A convenience wrapper around Triple with sensible defaults for knowledge graph use cases (semantic entities, exact relations).
Example
Simple usage - defaults to entity/relation columns¶
schema = KnowledgeGraph() hb.ingest(facts_df, collection="kg", schema=schema)
Custom field names¶
schema = KnowledgeGraph( ... entity_field="person", ... relation_field="relationship", ... )
With custom encoding¶
schema = KnowledgeGraph( ... entity_field="entity", ... relation_field="predicate", ... entity_encoding=Encoding.EXACT, # For IDs instead of text ... )
__init__(entity_field='entity', relation_field='relation', subject_field=None, object_field=None, entity_encoding=Encoding.SEMANTIC, relation_encoding=Encoding.EXACT, entity_weight=1.0, relation_weight=1.0)
¶
Catalog¶
Pre-configured Bundle for tabular data.
from hybi.compose import Catalog, Field, Encoding
schema = Catalog(
columns={
"name": Field(encoding=Encoding.SEMANTIC, weight=1.5),
"category": Field(encoding=Encoding.EXACT),
"price": Field(encoding=Encoding.NUMERIC, similar_within=50),
}
)
hybi.compose.Catalog
dataclass
¶
Bases: BaseMolecule
Catalog compound: searchable collection with SQL-like operations.

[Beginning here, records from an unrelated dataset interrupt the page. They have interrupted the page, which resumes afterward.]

(* Let $d\ge1$, $n\ge2$ be integers, $\kappa_d$ the volume of the $d$-dimensional unit ball, $V\ge0$, $-d/2<\tau_1<\dots<\tau_n$ reals, $x_i=\tau_i+d/2$, and let $\Sigma_n$ have entries $\frac{Vd\kappa_d}{2(x_i+x_j)}$, with eigenvalues $\lambda_1\le\dots\le\lambda_n$. Put $Q=\sum_{l=1}^n\sum_{k=1}^n\frac{n}{(x_k+x_l)^2}-\Big(\sum_{i=1}^n\frac{1}{2x_i}\Big)^2$ and $$\bar S_n=\frac{Vd\kappa_d\Big(\sum_{i=1}^n\frac1{2x_i}+\sqrt{(n-1)Q}\Big)}{2n},\qquad \underline S_n=\frac{Vd\kappa_d\prod_{1\le i<j\le n}(x_i-x_j)^2}{2\prod_{1\le i,j\le n}(x_i+x_j)\Big(\frac{\sum_{i=1}^n\frac{\sqrt{n-1}}{2x_i}+\sqrt Q}{n\sqrt{n-1}}\Big)^{n-1}}.$$ Then $\underline S_n\le\lambda_1\le\dots\le\lambda_n\le\bar S_n$.
   Context: $\Sigma_n$ is the asymptotic covariance matrix of normalized length power functionals in the subcritical regime. *)

theory Defs
  imports "HOL-Analysis.Ball_Volume" "Jordan_Normal_Form.Char_Poly"
begin

(* Sigma_n as an n x n real matrix (indices 0..n-1), entries V d kappa_d / (2 (x_i + x_j)),
   x_i = tau_i + d/2, kappa_d = unit_ball_vol d (volume of the d-dimensional unit ball). *)
definition Sigma_mat :: "nat \<Rightarrow> nat \<Rightarrow> real \<Rightarrow> (nat \<Rightarrow> real) \<Rightarrow> real mat" where
  "Sigma_mat d n V \<tau> = mat n n (\<lambda>(i,j).
      V * real d * unit_ball_vol (real d) / (2 * ((\<tau> i + real d / 2) + (\<tau> j + real d / 2))))"

end

theory Submission
  imports Defs
begin

text \<open>
  Write \<open>\<Sigma>\<^sub>n = c C\<close> with \<open>c = V d \<kappa>\<^sub>d / 2\<close> and \<open>C\<close> the Cauchy matrix \<open>1 / (x\<^sub>i + x\<^sub>j)\<close>.
  Eliminating \<open>x\<^sub>0\<close> from a Cauchy matrix leaves a Cauchy matrix in the remaining points,
  rescaled by \<open>(x\<^sub>i - x\<^sub>0) / (x\<^sub>i + x\<^sub>0)\<close>; by induction \<open>C\<close> is positive semidefinite and has
  Cauchy's determinant \<open>\<Prod>\<^bsub>i<j\<^esub> (x\<^sub>i - x\<^sub>j)\<^sup>2 / \<Prod>\<^bsub>i,j\<^esub> (x\<^sub>i + x\<^sub>j)\<close>.

  For a symmetric positive semidefinite \<open>A\<close> with trace \<open>T\<close>, every eigenvalue \<open>\<mu>\<close> satisfies
  the Wolkowicz-Styan bound \<open>(n \<mu> - T)\<^sup>2 \<le> (n - 1) (n \<parallel>A\<parallel>\<^sub>F\<^sup>2 - T\<^sup>2)\<close>, which is
  Cauchy-Schwarz; it gives the upper bound. Conjugating \<open>A\<close> by the Householder reflection that
  maps \<open>e\<^sub>0\<close> to a unit eigenvector splits off \<open>\<mu>\<close>: \<open>det A = \<mu> det B\<close> with \<open>B\<close> positive
  semidefinite of trace \<open>T - \<mu>\<close>. Hadamard's inequality and AM-GM give
  \<open>det B \<le> ((T - \<mu>) / (n - 1))\<^bsup>n-1\<^esup>\<close>, and the Wolkowicz-Styan lower estimate of \<open>\<mu>\<close>
  turns this into the lower bound.

  Matrices are entry functions on \<open>{0..<n}\<^sup>2\<close>, which keeps the index shifts of Schur complements
  and deflation elementary; \<open>mat_fun\<close> converts them to matrices of \<open>Jordan_Normal_Form\<close>
  for determinants and eigenvalues.
\<close>

definition mat_fun :: "nat \<Rightarrow> (nat \<Rightarrow> nat \<Rightarrow> 'a) \<Rightarrow> 'a mat" where
  "mat_fun n a = mat n n (\<lambda>(i, j). a i j)"

definition quad_form :: "nat \<Rightarrow> (nat \<Rightarrow> nat \<Rightarrow> 'a::comm_semiring_1) \<Rightarrow> (nat \<Rightarrow> 'a) \<Rightarrow> 'a" where
  "quad_form n a y = (\<Sum>i<n. \<Sum>j<n. a i j * y i * y j)"

definition psd_fun :: "nat \<Rightarrow> (nat \<Rightarrow> nat \<Rightarrow> 'a::linordered_idom) \<Rightarrow> bool" where
  "psd_fun n a \<longleftrightarrow> (\<forall>y. 0 \<le> quad_form n a y)"

definition sym_fun :: "nat \<Rightarrow> (nat \<Rightarrow> nat \<Rightarrow> 'a) \<Rightarrow> bool" where
  "sym_fun n a \<longleftrightarrow> (\<forall>i<n. \<forall>j<n. a i j = a j i)"

definition schur_compl :: "(nat \<Rightarrow> nat \<Rightarrow> 'a::field) \<Rightarrow> nat \<Rightarrow> nat \<Rightarrow> 'a" where
  "schur_compl a i j = a (Suc i) (Suc j) - a (Suc i) 0 * a 0 (Suc j) / a 0 0"

lemma mat_fun_carrier [simp]: "mat_fun n a \<in> carrier_mat n n"
  and dim_row_mat_fun [simp]: "dim_row (mat_fun n a) = n"
  and dim_col_mat_fun [simp]: "dim_col (mat_fun n a) = n"
  and index_mat_fun [simp]: "i < n \<Longrightarrow> j < n \<Longrightarrow> mat_fun n a $$ (i, j) = a i j"
  by (auto simp: mat_fun_def)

A convenience wrapper around Bundle optimized for tabular data with a familiar SQL-like query interface. Catalog provides a bridge between traditional relational thinking and hyperdimensional computing.
Unlike pure relational tables, Catalog supports: - Semantic search: Find rows by meaning, not just exact values - Fuzzy matching: Similarity-based lookups with configurable thresholds - Vector joins: Join collections by semantic similarity, not just key equality
Operations Map
| Catalog Method | HDC Operation |
|---|---|
| select() | Field projection (SelectQuery) |
| where() | Exact filter + similarity search |
| join() | JoinQuery (exact or semantic) |
| aggregate() | AggregateQuery (GROUP BY) |
| search() | Vector similarity search |
Example
Define a products catalog¶
schema = Catalog( ... columns={ ... "name": Field(encoding=Encoding.SEMANTIC, weight=2.0), ... "description": Field(encoding=Encoding.SEMANTIC), ... "category": Field(encoding=Encoding.EXACT), ... "price": Field(encoding=Encoding.NUMERIC, similar_within=50), ... }, ... primary_key="id", ... ) hb.ingest(products_df, collection="products", schema=schema)
Traditional-style query¶
results = hb.query("products").where(category="electronics")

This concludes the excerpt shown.